For my setup I have used dd-wrt firmware in bridge mode - see this tutorials:
http://www.dd-wrt.com/wiki/index.php/Repeater_Bridge
http://www.dd-wrt.com/wiki/index.php/Client_Mode
As for cable connection Ethernet allows up to 100 meters (+/- 5m) not 90m, however you may face issues over 95m.
You may also investigate PLC devices (power line communication - means Ethernet over electrical/power network), that I have found extremely easy to deploy and offering much better bandwidth on higher distances in buildings with thick walls/ceilings, where regular wifi relaying is difficult due to bad signal propagation. You may find PLC-WiFi bridges, just plug into power socket and ready. This will save you configuration and wifi issues. Try these links depending on your country and budget:
http://www.linksys.com/en-mea/products/powerline/PLWK400
http://www.dlink.com/uk/en/home-sol...11av-powerline-av-500-wireless-n--starter-kit
http://www.sagemcom.com/consumer/powerline-communication/no-pass-through/fst-plug-502w/
http://en.avm.de/products/fritzpowerline/fritzpowerline-546e/
http://support.netgear.com/product/XAVN2001v2
Most of them are available in kits of few, so you may get good prices.
If you still have to buy routers I believe PLC-Wifi will be much better solution for you.

Good luck!
Mateusz


----------



## Aquinus (Nov 18, 2014)

Michael1984 said:


> Hello everyone,
> 
> If I want to extend my wifi network in a daisy chain format but instead of 2 jumps i'll be making 4 jumps. Is this possible? Uploaded a diagram:View attachment 60441



What are you actually trying to accomplish? Your post is vague and lacks information about what your end goal is. I'm almost willing to say that there is a better way to do what you want to do but I can't tell because you haven't said much beyond "is this possible?" Sure, it's possible, but it's not a good idea.


----------



## PainfulByte (Nov 18, 2014)

No problem at all. 

The first router acts as THE router. The other ones you configure as access points. No DHCP/NAT problem there.

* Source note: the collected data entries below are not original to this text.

text \<open>
  Weak super-multiplicativity gives, for each \<open>n\<close> and every window \<open>[x, (1 + \<epsilon>) x]\<close>,
  a positive proportion of \<open>m\<close> with \<open>f (n m) \<ge> (1 - \<epsilon>) f n f m\<close>. The exceptional set of
  the normal order has density zero, so some such \<open>m\<close> has both \<open>m\<close> and \<open>n m\<close> outside it,
  and the inequality passes to \<open>g\<close>: up to factors close to 1, \<open>g (n m) \<ge> f n g m\<close>.
  The same argument for \<open>1 / f\<close> gives the reverse bound. If \<open>g\<close> cannot drop sharply over
  short multiplicative steps (true for increasing and for log-uniformly continuous \<open>g\<close>),
  these become \<open>g (s y) \<ge> a g y\<close> and \<open>g (r y) \<le> b g y\<close> for all large \<open>y\<close>, with
  \<open>s \<approx> n\<close>, \<open>a \<approx> f n\<close>, \<open>r \<approx> k\<close>, \<open>b \<approx> f k\<close>. Iterating along \<open>s ^ K \<approx> r ^ J\<close> gives
  \<open>ln (f n) / ln n \<le> ln (f k) / ln k\<close>, so this ratio is constant. A decreasing \<open>g\<close> is
  handled by passing to \<open>1 / f\<close>, which has the increasing normal order \<open>1 / g\<close>.
\<close>

lemma upper_density_nonneg: "upper_density S \<ge> 0"
  unfolding upper_density_def by (intro le_Limsup) auto

lemma upper_density_mono: "S \<subseteq> T \<Longrightarrow> upper_density S \<le> upper_density T"
  unfolding upper_density_def
  by (intro Limsup_mono always_eventually allI ereal_less_eq(3)[THEN iffD2]
        divide_right_mono of_nat_mono card_mono) auto

lemma eventually_card_less_of_upper_density_zero:
  assumes "upper_density S = 0" "\<eta> > 0"
  shows "eventually (\<lambda>N. real (card (S \<inter> {1..N})) < \<eta> * real N) sequentially"
proof -
  have "limsup (\<lambda>N. ereal (real (card (S \<inter> {1..N})) / real N)) < ereal \<eta>"
    using assms unfolding upper_density_def by simp
  then have "eventually (\<lambda>N. real (card (S \<inter> {1..N})) / real N < \<eta>) sequentially"
    by (auto dest: Limsup_lessD)
  with eventually_ge_at_top[of "1::nat"] show ?thesis
    by eventually_elim (simp add: divide_less_eq mult.commute)
qed

lemma has_normal_order_inverse:
  assumes normal: "has_normal_order f g"
    and fpos: "\<forall>n::nat. n \<ge> 1 \<longrightarrow> f n > 0" and gpos: "\<forall>x::real. x > 0 \<longrightarrow> g x > 0"
  shows "has_normal_order (\<lambda>n. 1 / f n) (\<lambda>x. 1 / g x)"
  unfolding has_normal_order_def
proof (intro allI impI)
  fix \<epsilon> :: real assume "\<epsilon> > 0"
  define \<theta> where "\<theta> = \<epsilon> / (1 + \<epsilon>)"
  have \<theta>: "\<theta> > 0" "\<theta> * (1 + \<epsilon>) = \<epsilon>" "(1 - \<theta>) * (1 + \<epsilon>) = 1"
    using \<open>\<epsilon> > 0\<close> by (auto simp: \<theta>_def field_simps)
  let ?bad = "\<lambda>f g \<epsilon>. {n::nat. n \<ge> 1 \<and> \<bar>f n - g (real n)\<bar> \<ge> \<epsilon> * g (real n)}"
  have "?bad (\<lambda>n. 1 / f n) (\<lambda>x. 1 / g x) \<epsilon> \<subseteq> ?bad f g \<theta>"
  proof (intro subsetI CollectI conjI)
    fix n assume "n \<in> ?bad (\<lambda>n. 1 / f n) (\<lambda>x. 1 / g x) \<epsilon>"
    then have n: "n \<ge> 1" and "\<bar>1 / f n - 1 / g n\<bar> \<ge> \<epsilon> / g n" by auto
    moreover have "f n > 0" "g n > 0" using n fpos gpos by auto
    ultimately have "\<epsilon> / g n \<le> \<bar>g n - f n\<bar> / (f n * g n)"
      by (simp add: diff_frac_eq)
    then have far: "\<epsilon> * f n \<le> \<bar>f n - g n\<bar>"
      using \<open>f n > 0\<close> \<open>g n > 0\<close> by (simp add: le_divide_eq abs_minus_commute)
    show "n \<ge> 1" by (fact n)
    show "\<bar>f n - g n\<bar> \<ge> \<theta> * g n"
    proof (rule ccontr)
      assume "\<not> \<bar>f n - g n\<bar> \<ge> \<theta> * g n"
      then have close: "\<bar>f n - g n\<bar> < \<theta> * g n" and "(1 - \<theta>) * g n < f n"
        by (auto simp: algebra_simps)
      have "g n = (1 + \<epsilon>) * ((1 - \<theta>) * g n)" using \<theta>(3) by (simp add: mult.assoc [symmetric] mult.commute)
      also have "\<dots> < (1 + \<epsilon>) * f n"
        using \<open>(1 - \<theta>) * g n < f n\<close> \<open>\<epsilon> > 0\<close> by (intro mult_strict_left_mono) auto
      finally have "\<bar>f n - g n\<bar> < \<theta> * ((1 + \<epsilon>) * f n)"
        using close \<theta>(1) by (smt (verit) mult_strict_left_mono)
      also have "\<dots> = \<epsilon> * f n" by (simp only: mult.assoc [symmetric] \<theta>(2))
      finally show False using far by simp
    qed
  qed
  then have "upper_density (?bad (\<lambda>n. 1 / f n) (\<lambda>x. 1 / g x) \<epsilon>) \<le> upper_density (?bad f g \<theta>)"
    by (rule upper_density_mono)
  also have "\<dots> = 0" using normal \<theta>(1) unfolding has_normal_order_def by blast
  finally show "upper_density (?bad (\<lambda>n. 1 / f n) (\<lambda>x. 1 / g x) \<epsilon>) = 0"
    using upper_density_nonneg order.antisym by blast
qed

lemma weakly_supermult_at_one:
  assumes wsm: "weakly_supermult h" and hpos: "\<forall>n::nat. n \<ge> 1 \<longrightarrow> h n > 0"
  shows "h 1 \<le> 1"
proof (rule ccontr)
  assume "\<not> h 1 \<le> 1"
  define \<theta> where "\<theta> = (h 1 - 1) / (2 * h 1)"
  have "\<theta> > 0" and one_lt: "1 < (1 - \<theta>) * h 1"
    using \<open>\<not> h 1 \<le> 1\<close> by (auto simp: \<theta>_def field_simps)
  obtain x0 \<delta> where "\<delta> > 0" and count: "\<And>x. x > x0 \<Longrightarrow>
    real (card {m::nat. m \<ge> 1 \<and> x \<le> real m \<and> real m \<le> (1 + \<theta>) * x \<and>
                        h (1 * m) \<ge> (1 - \<theta>) * h 1 * h m}) \<ge> \<delta> * x"
    and "x0 > 0"
    using wsm \<open>\<theta> > 0\<close> unfolding weakly_supermult_def by blast
  define S where "S = {m::nat. m \<ge> 1 \<and> x0 + 1 \<le> real m \<and> real m \<le> (1 + \<theta>) * (x0 + 1) \<and>
                               h (1 * m) \<ge> (1 - \<theta>) * h 1 * h m}"
  have "0 < \<delta> * (x0 + 1)" using \<open>\<delta> > 0\<close> \<open>x0 > 0\<close> by simp
  also have "\<dots> \<le> real (card S)" unfolding S_def by (rule count) simp
  finally have "S \<noteq> {}" by auto
  then obtain m :: nat where "m \<ge> 1" "(1 - \<theta>) * h 1 * h m \<le> h m" unfolding S_def by auto
  moreover have "h m > 0" using hpos \<open>m \<ge> 1\<close> by blast
  ultimately show False using one_lt by (simp add: mult_le_cancel_right1)
qed

lemma eventually_card_multiples_in_null_set:
  assumes null: "upper_density E = 0" and "n \<ge> 1" "\<eta> > 0"
  shows "eventually (\<lambda>N. real (card {m \<in> {1..N}. m \<in> E \<or> n * m \<in> E}) < \<eta> * real N) sequentially"
proof -
  define \<eta>' where "\<eta>' = \<eta> / real (Suc n)"
  have "\<eta>' > 0" using \<open>\<eta> > 0\<close> by (simp add: \<eta>'_def)
  from eventually_card_less_of_upper_density_zero[OF null this]
  obtain N0 where N0: "\<And>N. N \<ge> N0 \<Longrightarrow> real (card (E \<inter> {1..N})) < \<eta>' * real N"
    unfolding eventually_sequentially by blast
  show ?thesis unfolding eventually_sequentially
  proof (intro exI allI impI)
    fix N assume "N \<ge> N0"
    have "inj_on (\<lambda>m. n * m) {m \<in> {1..N}. n * m \<in> E}" using \<open>n \<ge> 1\<close> by (auto simp: inj_on_def)
    moreover have "(\<lambda>m. n * m) ` {m \<in> {1..N}. n * m \<in> E} \<subseteq> E \<inter> {1..n * N}" using \<open>n \<ge> 1\<close> by auto
    ultimately have multiples: "card {m \<in> {1..N}. n * m \<in> E} \<le> card (E \<inter> {1..n * N})"
      by (metis card_image card_mono finite_Int finite_atLeastAtMost)
    have "card {m \<in> {1..N}. m \<in> E \<or> n * m \<in> E} \<le> card ((E \<inter> {1..N}) \<union> {m \<in> {1..N}. n * m \<in> E})"
      by (intro card_mono) auto
    also have "\<dots> \<le> card (E \<inter> {1..N}) + card (E \<inter> {1..n * N})"
      using card_Un_le [of "E \<inter> {1..N}" "{m \<in> {1..N}. n * m \<in> E}"] multiples by linarith
    finally have "real (card {m \<in> {1..N}. m \<in> E \<or> n * m \<in> E})
        \<le> real (card (E \<inter> {1..N})) + real (card (E \<inter> {1..n * N}))" by linarith
    also have "\<dots> < \<eta>' * real N + \<eta>' * real (n * N)"
      using \<open>n \<ge> 1\<close> \<open>N \<ge> N0\<close>
      by (intro add_strict_mono N0) (simp_all add: order.trans [OF _ mult_le_mono1, of _ 1])
    also have "\<dots> = \<eta>' * real (Suc n) * real N" by (simp add: algebra_simps)
    also have "\<dots> = \<eta> * real N" by (simp add: \<eta>'_def)
    finally show "real (card {m \<in> {1..N}. m \<in> E \<or> n * m \<in> E}) < \<eta> * real N" .
  qed
qed

lemma weakly_supermult_avoiding_null_set:
  assumes wsm: "weakly_supermult h" and "n \<ge> 1" "\<theta> > 0" and null: "upper_density E = 0"
  shows "\<exists>X. \<forall>x\<ge>X. \<exists>m::nat. m \<ge> 1 \<and> x \<le> real m \<and> real m \<le> (1 + \<theta>) * x \<and>
           (1 - \<theta>) * h n * h m \<le> h (n * m) \<and> m \<notin> E \<and> n * m \<notin> E"
proof -
  obtain x0 \<delta> where "\<delta> > 0" and count: "\<And>x. x > x0 \<Longrightarrow>
    real (card {m::nat. m \<ge> 1 \<and> x \<le> real m \<and> real m \<le> (1 + \<theta>) * x \<and>
                        h (n * m) \<ge> (1 - \<theta>) * h n * h m}) \<ge> \<delta> * x"
    using wsm \<open>n \<ge> 1\<close> \<open>\<theta> > 0\<close> unfolding weakly_supermult_def by blast
  have "\<delta> / (1 + \<theta>) > 0" using \<open>\<delta> > 0\<close> \<open>\<theta> > 0\<close> by simp
  from eventually_card_multiples_in_null_set[OF null \<open>n \<ge> 1\<close> this]
  obtain N0 where N0: "\<And>N. N \<ge> N0 \<Longrightarrow>
      real (card {m \<in> {1..N}. m \<in> E \<or> n * m \<in> E}) < \<delta> / (1 + \<theta>) * real N"
    unfolding eventually_sequentially by blast
  show ?thesis
  proof (intro exI [of _ "max (x0 + 1) (real N0)"] allI impI)
    fix x assume x: "max (x0 + 1) (real N0) \<le> x"
    define N where "N = nat \<lfloor>(1 + \<theta>) * x\<rfloor>"
    define S where "S = {m::nat. m \<ge> 1 \<and> x \<le> real m \<and> real m \<le> (1 + \<theta>) * x \<and>
                               h (n * m) \<ge> (1 - \<theta>) * h n * h m}"
    have "0 \<le> x" using x of_nat_0_le_iff [of N0] by linarith
    then have "x \<le> (1 + \<theta>) * x" using \<open>\<theta> > 0\<close> by (simp add: distrib_right)
    then have "N \<ge> N0" using x by (simp add: N_def le_nat_floor)
    have "real N \<le> (1 + \<theta>) * x" using x \<open>\<theta> > 0\<close> by (simp add: N_def)
    have "S \<subseteq> {1..N}" by (auto simp: S_def N_def le_nat_floor)
    have "real (card {m \<in> {1..N}. m \<in> E \<or> n * m \<in> E}) < \<delta> / (1 + \<theta>) * real N"
      using \<open>N \<ge> N0\<close> by (rule N0)
    also have "\<dots> \<le> \<delta> / (1 + \<theta>) * ((1 + \<theta>) * x)"
      using \<open>real N \<le> (1 + \<theta>) * x\<close> \<open>\<delta> / (1 + \<theta>) > 0\<close> by (intro mult_left_mono) auto
    also have "\<dots> = \<delta> * x" using \<open>\<theta> > 0\<close> by simp
    also have "\<dots> \<le> real (card S)" unfolding S_def using x by (intro count) simp
    finally have "\<not> S \<subseteq> {m \<in> {1..N}. m \<in> E \<or> n * m \<in> E}"
      by (auto dest: card_mono [rotated])
    then show "\<exists>m::nat. m \<ge> 1 \<and> x \<le> real m \<and> real m \<le> (1 + \<theta>) * x \<and>
           (1 - \<theta>) * h n * h m \<le> h (n * m) \<and> m \<notin> E \<and> n * m \<notin> E"
      using \<open>S \<subseteq> {1..N}\<close> unfolding S_def by blast
  qed
qed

If you configure them all as routers, either hope you have routers that have some more advanced routing capabilities than your average linksys or netgear such as routing protocols (RIP or OCSP) or at the very least configurable static routes which you can configure to make the other routers aware of the networks behind the other routers. If so, then there will be no issue.


----------



## Michael1984 (Nov 20, 2014)

Thank you very much everyone.


----------



## PainfulByte (Nov 20, 2014)

out of curiosity, what brand/models are the routers?


----------